+++ DATA FOR THE TASK
lemma finite_matchings: "finite E \<Longrightarrow> finite (matchings E S)"
  unfolding matchings_def by (rule finite_subset[of _ "Pow E"]) auto

lemma matchings_edge: "D \<in> matchings E S \<Longrightarrow> e \<in> D \<Longrightarrow> e \<in> E \<and> e \<subseteq> S"
  unfolding matchings_def by blast

lemma Z_cong_edges:
  "{e\<in>E. e \<subseteq> S} = {e\<in>E'. e \<subseteq> S} \<Longrightarrow> Z E w x S = Z E' w x S"
  unfolding Z_def by simp

lemma Z_empty: "{} \<notin> E \<Longrightarrow> Z E w x {} = 1"
proof -
  assume "{} \<notin> E"
  then have "{D. D \<subseteq> {e\<in>E. e \<subseteq> {}} \<and> matching D} = {{}}"
    by (auto simp: matching_def)
  then show ?thesis unfolding Z_def by simp
qed

lemma Z_nonneg:
  "\<forall>e\<in>E. w e \<ge> 0 \<Longrightarrow> \<forall>v\<in>S. x v \<ge> 0 \<Longrightarrow> Z E w x S \<ge> 0"
  unfolding Z_def by (intro sum_nonneg mult_nonneg_nonneg prod_nonneg) auto

text \<open>Matchings of S either avoid the edge e0 or consist of e0 together with a matching of S - e0.\<close>
lemma Z_remove_edge:
  assumes fin: "finite E" and e0: "e0 \<in> E" "e0 \<subseteq> S" "e0 \<noteq> {}"
  shows "Z E w x S = Z (E - {e0}) w x S + w e0 * Z E w x (S - e0)"
proof -
  let ?f = "\<lambda>S D. (\<Prod>e\<in>D. w e) * (\<Prod>v\<in>S - \<Union>D. x v)"
  have avoid: "{D\<in>matchings E S. e0 \<notin> D} = matchings (E - {e0}) S"
    unfolding matchings_def by auto
  have e0_notin: "e0 \<notin> D" if "D \<in> matchings E (S - e0)" for D
    using that e0(3) unfolding matchings_def by blast
  have use_e0: "{D\<in>matchings E S. e0 \<in> D} = insert e0 ` matchings E (S - e0)"
  proof (intro equalityI subsetI)
    fix D assume D: "D \<in> {D\<in>matchings E S. e0 \<in> D}"
    then have "D - {e0} \<in> matchings E (S - e0)"
      unfolding matchings_def matching_def by blast
    moreover have "D = insert e0 (D - {e0})" using D by auto
    ultimately show "D \<in> insert e0 ` matchings E (S - e0)" by blast
  next
    fix D assume "D \<in> insert e0 ` matchings E (S - e0)"
    then obtain D' where D': "D' \<in> matchings E (S - e0)" "D = insert e0 D'" by blast
    then show "D \<in> {D\<in>matchings E S. e0 \<in> D}"
      using e0 unfolding matchings_def matching_def by blast
  qed
  have inj: "inj_on (insert e0) (matchings E (S - e0))"
    by (rule inj_onI) (metis e0_notin insert_ident)
  have "Z E w x S = sum (?f S) {D\<in>matchings E S. e0 \<notin> D} + sum (?f S) {D\<in>matchings E S. e0 \<in> D}"
  proof -
    have "sum (?f S) {D\<in>matchings E S. e0 \<notin> D} + sum (?f S) {D\<in>matchings E S. e0 \<in> D}
          = sum (?f S) ({D\<in>matchings E S. e0 \<notin> D} \<union> {D\<in>matchings E S. e0 \<in> D})"
      by (rule sum.union_disjoint[symmetric]) (use finite_matchings[OF fin] in auto)
    also have "{D\<in>matchings E S. e0 \<notin> D} \<union> {D\<in>matchings E S. e0 \<in> D} = matchings E S" by auto
    finally show ?thesis unfolding Z_eq_sum_matchings by simp
  qed
  also have "sum (?f S) {D\<in>matchings E S. e0 \<in> D} = (\<Sum>D\<in>matchings E (S - e0). ?f S (insert e0 D))"
    unfolding use_e0 sum.reindex[OF inj] by simp
  also have "\<dots> = (\<Sum>D\<in>matchings E (S - e0). w e0 * ?f (S - e0) D)"
  proof (rule sum.cong[OF refl])
    fix D assume D: "D \<in> matchings E (S - e0)"
    have "finite D" using D fin unfolding matchings_def by (auto intro: finite_subset)
    moreover have "S - \<Union>(insert e0 D) = (S - e0) - \<Union>D" by auto
    ultimately show "?f S (insert e0 D) = w e0 * ?f (S - e0) D"
      using e0_notin[OF D] by simp
  qed
  finally show ?thesis
    unfolding avoid Z_eq_sum_matchings sum_distrib_left by simp
qed

lemma Z_union_separated:
  assumes fin: "finite E" and ne: "{} \<notin> E"
    and fS: "finite S1" "finite S2" and disj: "S1 \<inter> S2 = {}"
    and sep: "\<forall>e\<in>E. e \<subseteq> S1 \<union> S2 \<longrightarrow> e \<subseteq> S1 \<or> e \<subseteq> S2"
  shows "Z E w x (S1 \<union> S2) = Z E w x S1 * Z E w x S2"
proof -
  let ?f = "\<lambda>S D. (\<Prod>e\<in>D. w e) * (\<Prod>v\<in>S - \<Union>D. x v)"
  let ?M = "matchings E S1 \<times> matchings E S2"
  have separate: "False" if "e \<in> E" "e \<subseteq> S1" "e \<subseteq> S2" for e
  proof -
    have "e = {}" using that(2,3) disj by blast
    then show False using that(1) ne by simp
  qed
  have part: "{e\<in>D1 \<union> D2. e \<subseteq> S1} = D1" "{e\<in>D1 \<union> D2. e \<subseteq> S2} = D2"
    if "(D1, D2) \<in> ?M" for D1 D2
    using that by (auto dest: matchings_edge separate)
  have union_matching: "D1 \<union> D2 \<in> matchings E (S1 \<union> S2)" if "(D1, D2) \<in> ?M" for D1 D2
  proof -
    have D1: "D1 \<in> matchings E S1" and D2: "D2 \<in> matchings E S2" using that by auto
    have "D1 \<union> D2 \<subseteq> {e\<in>E. e \<subseteq> S1 \<union> S2}" using D1 D2 by (auto dest: matchings_edge)
    moreover have "matching (D1 \<union> D2)" unfolding matching_def
    proof (intro ballI impI)
      fix e f assume ef: "e \<in> D1 \<union> D2" "f \<in> D1 \<union> D2" "e \<noteq> f"
      consider "e \<in> D1" "f \<in> D1" | "e \<in> D2" "f \<in> D2" | "e \<subseteq> S1" "f \<subseteq> S2" | "e \<subseteq> S2" "f \<subseteq> S1"
        using ef D1 D2 by (auto dest: matchings_edge)
      then show "e \<inter> f = {}"
      proof cases
        case 1
        then show ?thesis using ef(3) D1 unfolding matchings_def matching_def by simp
      next
        case 2
        then show ?thesis using ef(3) D2 unfolding matchings_def matching_def by simp
      qed (use disj in blast)+
    qed
    ultimately show ?thesis unfolding matchings_def by simp
  qed
  have weight: "?f (S1 \<union> S2) (D1 \<union> D2) = ?f S1 D1 * ?f S2 D2" if "(D1, D2) \<in> ?M" for D1 D2
  proof -
    have fD: "finite D1" "finite D2"
      using that fin unfolding matchings_def by (auto intro: finite_subset)
    have "D1 \<inter> D2 = {}"
      using that separate matchings_edge[of D1 E S1] matchings_edge[of D2 E S2] by blast
    then have "(\<Prod>e\<in>D1 \<union> D2. w e) = (\<Prod>e\<in>D1. w e) * (\<Prod>e\<in>D2. w e)"
      by (rule prod.union_disjoint[OF fD])
    moreover have "(S1 \<union> S2) - \<Union>(D1 \<union> D2) = (S1 - \<Union>D1) \<union> (S2 - \<Union>D2)"
      using that disj matchings_edge[of D1 E S1] matchings_edge[of D2 E S2] by blast
    moreover have "(\<Prod>v\<in>(S1 - \<Union>D1) \<union> (S2 - \<Union>D2). x v) = (\<Prod>v\<in>S1 - \<Union>D1. x v) * (\<Prod>v\<in>S2 - \<Union>D2. x v)"
      by (rule prod.union_disjoint) (use fS disj in auto)
    ultimately show ?thesis by (simp add: ac_simps)
  qed
  have "Z E w x S1 * Z E w x S2 = (\<Sum>(D1, D2)\<in>?M. ?f S1 D1 * ?f S2 D2)"
    unfolding Z_eq_sum_matchings sum_product sum.cartesian_product ..
  also have "\<dots> = (\<Sum>D\<in>matchings E (S1 \<union> S2). ?f (S1 \<union> S2) D)"
  proof (rule sum.reindex_bij_witness[where i = "\<lambda>D. ({e\<in>D. e \<subseteq> S1}, {e\<in>D. e \<subseteq> S2})"
        and j = "\<lambda>(D1, D2). D1 \<union> D2"])
    fix D assume D: "D \<in> matchings E (S1 \<union> S2)"
    show "({e\<in>D. e \<subseteq> S1}, {e\<in>D. e \<subseteq> S2}) \<in> ?M"
      using D unfolding matchings_def matching_def by auto
    show "(\<lambda>(D1, D2). D1 \<union> D2) ({e\<in>D. e \<subseteq> S1}, {e\<in>D. e \<subseteq> S2}) = D"
      using D sep matchings_edge[of D E "S1 \<union> S2"] by auto
  next
    fix P assume "P \<in> ?M"
    then obtain D1 D2 where P: "P = (D1, D2)" "(D1, D2) \<in> ?M" by (cases P) auto
    show "({e\<in>(\<lambda>(D1, D2). D1 \<union> D2) P. e \<subseteq> S1}, {e\<in>(\<lambda>(D1, D2). D1 \<union> D2) P. e \<subseteq> S2}) = P"
      using part[OF P(2)] P(1) by simp
    show "(\<lambda>(D1, D2). D1 \<union> D2) P \<in> matchings E (S1 \<union> S2)"
      using union_matching[OF P(2)] P(1) by simp
    show "?f (S1 \<union> S2) ((\<lambda>(D1, D2). D1 \<union> D2) P) = (\<lambda>(D1, D2). ?f S1 D1 * ?f S2 D2) P"
      using weight[OF P(2)] P(1) by simp
  qed
  finally show ?thesis unfolding Z_eq_sum_matchings by simp
qed

section \<open>Three-term recurrences\<close>

lemma casoratian_three_term_recurrence:
  fixes u v a c :: "nat \<Rightarrow> real"
  assumes u: "\<And>m. s \<le> m \<Longrightarrow> m < n \<Longrightarrow> u (Suc (Suc m)) = a (Suc m) * u (Suc m) + c (Suc m) * u m"
    and v: "\<And>m. s \<le> m \<Longrightarrow> m < n \<Longrightarrow> v (Suc (Suc m)) = a (Suc m) * v (Suc m) + c (Suc m) * v m"
    and "s \<le> n"
  shows "u (Suc n) * v n - u n * v (Suc n)
           = (-1) ^ (n - s) * (\<Prod>k\<in>{Suc s..n}. c k) * (u (Suc s) * v s - u s * v (Suc s))"
proof -
  have "k \<le> n \<longrightarrow> u (Suc k) * v k - u k * v (Suc k)
           = (-1) ^ (k - s) * (\<Prod>i\<in>{Suc s..k}. c i) * (u (Suc s) * v s - u s * v (Suc s))"
    if "s \<le> k" for k
    using that
  proof (induction k rule: nat_induct_at_least)
    case base
    then show ?case by simp
  next
    case (Suc k)
    show ?case
    proof
      assume "Suc k \<le> n"
      then have "u (Suc (Suc k)) * v (Suc k) - u (Suc k) * v (Suc (Suc k))
                 = - c (Suc k) * (u (Suc k) * v k - u k * v (Suc k))"
        using u[of k] v[of k] Suc.hyps by (simp add: algebra_simps)
      then show "u (Suc (Suc k)) * v (Suc k) - u (Suc k) * v (Suc (Suc k))
           = (-1) ^ (Suc k - s) * (\<Prod>i\<in>{Suc s..Suc k}. c i) * (u (Suc s) * v s - u s * v (Suc s))"
        using Suc.IH \<open>Suc k \<le> n\<close> Suc.hyps
        by (simp add: prod.nat_ivl_Suc' Suc_diff_le)
    qed
  qed
  then show ?thesis using assms(3) by blast
qed

section \<open>Layers of a tree along a path\<close>

lemma is_path_take:
  assumes "is_path V E q a b" "i < length q"
  shows "is_path V E (take (Suc i) q) a (q ! i)"
proof -
  have "q \<noteq> []" using assms by (simp add: is_path_def)
  then have "hd (take (Suc i) q) = hd q" by (cases q) auto
  moreover have "last (take (Suc i) q) = q ! i"
    using assms(2) by (simp add: take_Suc_conv_app_nth)
  moreover have "set (take (Suc i) q) \<subseteq> set q" by (rule set_take_subset)
  ultimately show ?thesis using assms unfolding is_path_def by (auto simp: nth_take)
qed

lemma is_path_snoc:
  assumes q: "is_path V E q a b" and "{b, v} \<in> E" "v \<notin> set q" "v \<in> V"
  shows "is_path V E (q @ [v]) a v"
proof -
  have "{(q @ [v]) ! i, (q @ [v]) ! Suc i} \<in> E" if "Suc i < length (q @ [v])" for i
  proof (cases "Suc i < length q")
    case True
    then show ?thesis using q unfolding is_path_def by (simp add: nth_append)
  next
    case False
    then have i: "Suc i = length q" using that by simp
    moreover have "q \<noteq> []" "last q = b" using q unfolding is_path_def by auto
    ultimately have "(q @ [v]) ! i = b" "(q @ [v]) ! Suc i = v"
      by (simp_all add: nth_append last_conv_nth flip: i)
    then show ?thesis using assms(2) by simp
  qed
  then show ?thesis using assms unfolding is_path_def by auto
qed

lemma finite_edges_of_tree: "is_tree V E \<Longrightarrow> finite E"
  unfolding is_tree_def simple_graph_def by (auto intro: finite_subset[of E "Pow V"])

text \<open>The list p is the path c_0, ..., c_l; the tree is rooted at c_0.\<close>
locale tree_with_path =
  fixes V :: "'a set" and E :: "'a set set" and p :: "'a list" and l :: nat
  assumes tree: "is_tree V E"
    and path: "is_path V E p (p ! 0) (p ! l)"
    and length_path: "length p = l + 1"
begin

definition root_path :: "'a \<Rightarrow> 'a list" where
  "root_path u = (THE q. is_path V E q (p ! 0) u)"

text \<open>The vertex u lies in T_{c_k} - T_{c_(k+1)} (read T_{c_(l+1)} = {}) exactly for k = path_index u.\<close>
definition path_index :: "'a \<Rightarrow> nat" where
  "path_index u = Max {i. i \<le> l \<and> p ! i \<in> set (root_path u)}"

definition layers :: "nat \<Rightarrow> nat \<Rightarrow> 'a set" where
  "layers j m = {u\<in>V. j \<le> path_index u \<and> path_index u < m}"

abbreviation layer :: "nat \<Rightarrow> 'a set" where
  "layer k \<equiv> layers k (Suc k)"

lemma finite_V: "finite V"
  using tree unfolding is_tree_def simple_graph_def by auto

lemma edge_doubleton: "e \<in> E \<Longrightarrow> \<exists>a b. a \<noteq> b \<and> e = {a, b} \<and> a \<in> V \<and> b \<in> V"
  using tree unfolding is_tree_def simple_graph_def by auto

lemma empty_not_edge: "{} \<notin> E"
  using edge_doubleton by fastforce

lemma nth_path_in_V: "k \<le> l \<Longrightarrow> p ! k \<in> V"
  using path length_path unfolding is_path_def by (auto intro: nth_mem)

lemma path_edge: "Suc k \<le> l \<Longrightarrow> {p ! k, p ! Suc k} \<in> E"
  using path length_path unfolding is_path_def by simp

lemma root_in_V: "p ! 0 \<in> V"
  using nth_path_in_V by simp

lemma root_path_is_path: "u \<in> V \<Longrightarrow> is_path V E (root_path u) (p ! 0) u"
  unfolding root_path_def using tree root_in_V unfolding is_tree_def by (metis theI')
++++++
Exactly how many lines of the records above contain "ultimately"? Please state only the number.

6